What is variance in betting?
Variance is the statistical measure of how far individual results deviate from the expected value. In betting, it quantifies the degree to which actual outcomes fluctuate around the long-term average. A player with positive expected value will profit in the long term, but in the short term, his results will oscillate — sometimes substantially — above and below the expected value. This oscillation is variance.
Understanding variance is essential because it explains why a mathematically sound strategy can produce losing streaks, and why a poor strategy can produce winning streaks. Neither outcome, in isolation, proves or disproves the quality of the strategy. Only over a large number of bets does the actual average converge to the expected value.
Standard deviation
The standard deviation is the square root of the variance and is expressed in the same units as the original measurement, making it more intuitive to interpret. For a single bet with decimal odd d and actual probability of winning w, the standard deviation of the profit per unit wagered is:
p: prize (d − 1)
w: actual probability of winning
l: actual probability of losing (1 − w)
σ = √(w · p² + l · 1²) − (w · p − l)²
Which simplifies to:
σ = √(w · l · (p + 1)²)
σ = (p + 1) · √(w · l)
σ = d · √(w · l)
For example, a bet at decimal odd 2.50 with an actual probability of 45%:
σ = 2.50 · √(.45 · .55) = 2.50 · √(.2475) = 2.50 · .4975 ≈ 1.244
This means the profit from a single bet will typically deviate from the expected value by approximately ¤1.244 per ¤1 wagered. Compared to the expected value of this bet:
e = .45 · 1.50 − .55 = .675 − .55 = .125 = 12.5%
The standard deviation (124.4%) is nearly ten times larger than the expected value (12.5%). This ratio illustrates why short-term results are dominated by variance rather than by the expected value.

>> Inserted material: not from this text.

(* On the group $G_{\mathtt{ALD}}$ define binary operations $g*h:=g\cdot\mathrm{sh}_1(h)\cdot S_\varepsilon\cdot\mathrm{sh}_1(g)^{-1}$ and $g\circ h:=g\cdot\mathrm{sh}_1(h)\cdot A_\varepsilon$. Then for all $g,h,k\in G_{\mathtt{ALD}}$ and $\square\in\{*,\circ\}$: $(g*h)\,\square\,(g*k)=(g*(h\,\square\,k))\cdot S_0$; $(g\circ h)*k=(g*(h*k))\cdot A_0$; $(g\cdot\mathrm{sh}_0(k))\,\square\,h=(g\,\square\,h)\cdot\mathrm{sh}_{00}(k)$; $g\,\square\,(h\cdot\mathrm{sh}_0(k))=(g\,\square\,h)\cdot\mathrm{sh}_{01}(k)$.
   Context: Addresses are finite sequences over $\{0,1\}$, $\varepsilon$ empty, concatenation by juxtaposition; two addresses are incomparable if neither is a prefix of the other. $G_{\mathtt{ALD}}$ is the group generated by elements $S_\alpha,A_\alpha$ ($\alpha\in\{0,1\}^*$) subject to the following relations, where $X,Y$ each stand for $S$ or $A$ and $\alpha,\beta,\delta$ are arbitrary addresses ($\delta$ possibly empty): $X_\alpha Y_\beta=Y_\beta X_\alpha$ for $\alpha,\beta$ incomparable; $X_{\alpha0\delta}S_\alpha=S_\alpha X_{\alpha00\delta}X_{\alpha10\delta}$; $X_{\alpha10\delta}S_\alpha=S_\alpha X_{\alpha01\delta}$; $X_{\alpha11\delta}S_\alpha=S_\alpha X_{\alpha11\delta}$; $X_{\alpha0\delta}A_\alpha=A_\alpha X_{\alpha00\delta}$; $X_{\alpha10\delta}A_\alpha=A_\alpha X_{\alpha01\delta}$; $X_{\alpha11\delta}A_\alpha=A_\alpha X_{\alpha1\delta}$; $S_\alpha S_{\alpha1}S_\alpha=S_{\alpha1}S_\alpha S_{\alpha1}S_{\alpha0}$; $S_\alpha S_{\alpha1}A_\alpha=A_{\alpha1}S_\alpha S_{\alpha0}$; $A_\alpha S_\alpha=S_{\alpha1}S_\alpha A_{\alpha1}A_{\alpha0}$. For an address $\beta$, $\mathrm{sh}_\beta$ is the endomorphism of $G_{\mathtt{ALD}}$ with $S_\alpha\mapsto S_{\beta\alpha}$, $A_\alpha\mapsto A_{\beta\alpha}$. *)

theory Defs
  imports Main "HOL-Library.Sublist"
begin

Variance over multiple bets
When a player places n independent bets of equal size, the standard deviation of the average result per bet decreases by a factor of √n:
σₙ = σ / √n
This is the mechanism by which the law of large numbers operates. As n increases, the average result per bet converges toward the expected value. Using the example above:
After 1 bet: σ₁ ≈ 1.244
After 100 bets: σ₁₀₀ ≈ 1.244 / √100 = .1244
After 10,000 bets: σ₁₀₀₀₀ ≈ 1.244 / √10000 = .01244
After 10,000 bets, the standard deviation of the average result per bet is just .01244, meaning the average will almost certainly be very close to the expected value of .125. But after only 100 bets, the standard deviation is still .1244 — comparable in magnitude to the expected value itself — which means the player might easily be in the negative despite having placed bets with positive expected value.
Confidence intervals
A confidence interval provides a range within which the actual result is expected to fall with a specified probability. For a normal distribution, approximately 68% of outcomes fall within one standard deviation of the mean, 95% within two standard deviations, and 99.7% within three.
For a player who has placed 100 bets of ¤10 each, with an expected value of 12.5% per bet and a standard deviation per bet of 1.244:
Total expected profit: 100 · ¤10 · .125 = ¤125
Standard deviation of total profit: √100 · ¤10 · 1.244 = ¤124.4
The 95% confidence interval for the total profit after 100 bets is approximately:
¤125 ± 2 · ¤124.4 = ¤125 ± ¤248.8
This means that after 100 bets, the player's total profit is expected to be between −¤123.80 and +¤373.80, with 95% confidence. The fact that the lower bound is negative — despite every bet having positive expected value — demonstrates the practical reality of variance: 100 bets is not enough to guarantee a positive result.
After 1000 bets of ¤10 each:
Total expected profit: ¤1250
Standard deviation of total profit: √1000 · ¤10 · 1.244 ≈ ¤393.4
95% interval: ¤1250 ± ¤786.8 → from ¤463.20 to ¤2036.80
Now the lower bound is positive. After 1000 bets with this expected value, the player can be 95% confident of being in profit.
Variance and odds level
The level of variance is directly related to the decimal odd. Higher odds produce higher variance. A bet at a decimal odd of 10.00 has a much larger standard deviation per bet than a bet at 1.50, even if both have the same expected value as a percentage of the wager.
This means that a player who primarily bets on options with high odds (low probability events) will experience much larger swings in his bankroll than a player who bets on options with low odds (high probability events), even if both have the same long-term expected value per bet. The first player will need a much larger number of bets before his results converge to the expected value.
Practical implications
Variance is not an obstacle to be eliminated — it is an inherent property of any probabilistic activity. The player cannot control variance; he can only manage his exposure to it through proper bankroll management and staking strategies.
A player who understands variance will not abandon a sound strategy after a losing streak, nor will he develop overconfidence after a winning streak. He will evaluate his strategy based on whether his bets consistently have positive expected value, not on whether any particular sequence of bets happened to produce a profit or a loss.